Saved entries:
= Beginning of Section =

lemma start_pos_Suc: "start_pos f x (i + 1) = start_pos f x i + int (length (f (x i)))"
proof (cases "0 \<le> i")
  case True
  then have "{0..<i + 1} = insert i {0..<i}" by auto
  then show ?thesis using True by (simp add: start_pos_def)
next
  case False
  then have ivl: "{i..<0} = insert i {i + 1..<0}" by auto
  show ?thesis
  proof (cases "i + 1 = 0")
    case True
    then show ?thesis using False ivl by (simp add: start_pos_def)
  next
    case False
    then show ?thesis using \<open>\<not> 0 \<le> i\<close> ivl by (simp add: start_pos_def)
  qed
qed

lemma start_pos_Suc_offset:
  "start_pos f x (a + int (Suc n)) = start_pos f x (a + int n) + int (length (f (x (a + int n))))"
proof -
  have "a + int (Suc n) = (a + int n) + 1" by simp
  then show ?thesis by (simp only: start_pos_Suc)
qed

lemma start_pos_mono:
  assumes ne: "\<And>i. f (x i) \<noteq> []" and "i \<le> j"
  shows "start_pos f x i + (j - i) \<le> start_pos f x j"
proof -
  have "start_pos f x i + int d \<le> start_pos f x (i + int d)" for d
  proof (induction d)
    case (Suc d)
    have "0 < length (f (x (i + int d)))" using ne by simp
    then show ?case using Suc start_pos_Suc_offset[of f x i d] by linarith
  qed simp
  from this[of "nat (j - i)"] show ?thesis using assms(2) by simp
qed

lemma start_pos_block_unique:
  assumes ne: "\<And>i. f (x i) \<noteq> []"
    and "k < length (f (x i))" "k' < length (f (x i'))"
    and "start_pos f x i + int k = start_pos f x i' + int k'"
  shows "i = i' \<and> k = k'"
proof -
  have "\<not> j < j'" if "k1 < length (f (x j))" "start_pos f x j + int k1 = start_pos f x j' + int k2"
    for j j' k1 k2
  proof
    assume "j < j'"
    then have "start_pos f x (j + 1) \<le> start_pos f x j'"
      using start_pos_mono[of f x, OF ne, of "j + 1" j'] by simp
    then show False using that start_pos_Suc[of f x j] by simp
  qed
  then have "i = i'" using assms by (metis linorder_neqE_linordered_idom)
  then show ?thesis using assms by simp
qed

lemma ext_morph_at:
  assumes ne: "\<And>i. f (x i) \<noteq> []" and k: "k < length (f (x i))"
  shows "ext_morph f x (start_pos f x i + int k) = f (x i) ! k"
  unfolding ext_morph_def
proof (rule the_equality)
  fix c
  assume "\<exists>i' k'. k' < length (f (x i')) \<and> start_pos f x i + int k = start_pos f x i' + int k'
    \<and> c = f (x i') ! k'"
  then show "c = f (x i) ! k" using start_pos_block_unique[of f x, OF ne k] by metis
qed (use k in blast)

= End of Section =

• **GOAL OF THE EXERCISE**:
Please output only the lines from the one holding "using ne by simp" to the end of the records, first and last included, exactly as they appear.

• **EXERCISE ANSWER**:
    have "0 < length (f (x (i + int d)))" using ne by simp
    then show ?case using Suc start_pos_Suc_offset[of f x i d] by linarith
  qed simp
  from this[of "nat (j - i)"] show ?thesis using assms(2) by simp
qed

lemma start_pos_block_unique:
  assumes ne: "\<And>i. f (x i) \<noteq> []"
    and "k < length (f (x i))" "k' < length (f (x i'))"
    and "start_pos f x i + int k = start_pos f x i' + int k'"
  shows "i = i' \<and> k = k'"
proof -
  have "\<not> j < j'" if "k1 < length (f (x j))" "start_pos f x j + int k1 = start_pos f x j' + int k2"
    for j j' k1 k2
  proof
    assume "j < j'"
    then have "start_pos f x (j + 1) \<le> start_pos f x j'"
      using start_pos_mono[of f x, OF ne, of "j + 1" j'] by simp
    then show False using that start_pos_Suc[of f x j] by simp
  qed
  then have "i = i'" using assms by (metis linorder_neqE_linordered_idom)
  then show ?thesis using assms by simp
qed

lemma ext_morph_at:
  assumes ne: "\<And>i. f (x i) \<noteq> []" and k: "k < length (f (x i))"
  shows "ext_morph f x (start_pos f x i + int k) = f (x i) ! k"
  unfolding ext_morph_def
proof (rule the_equality)
  fix c
  assume "\<exists>i' k'. k' < length (f (x i')) \<and> start_pos f x i + int k = start_pos f x i' + int k'
    \<and> c = f (x i') ! k'"
  then show "c = f (x i) ! k" using start_pos_block_unique[of f x, OF ne k] by metis
qed (use k in blast)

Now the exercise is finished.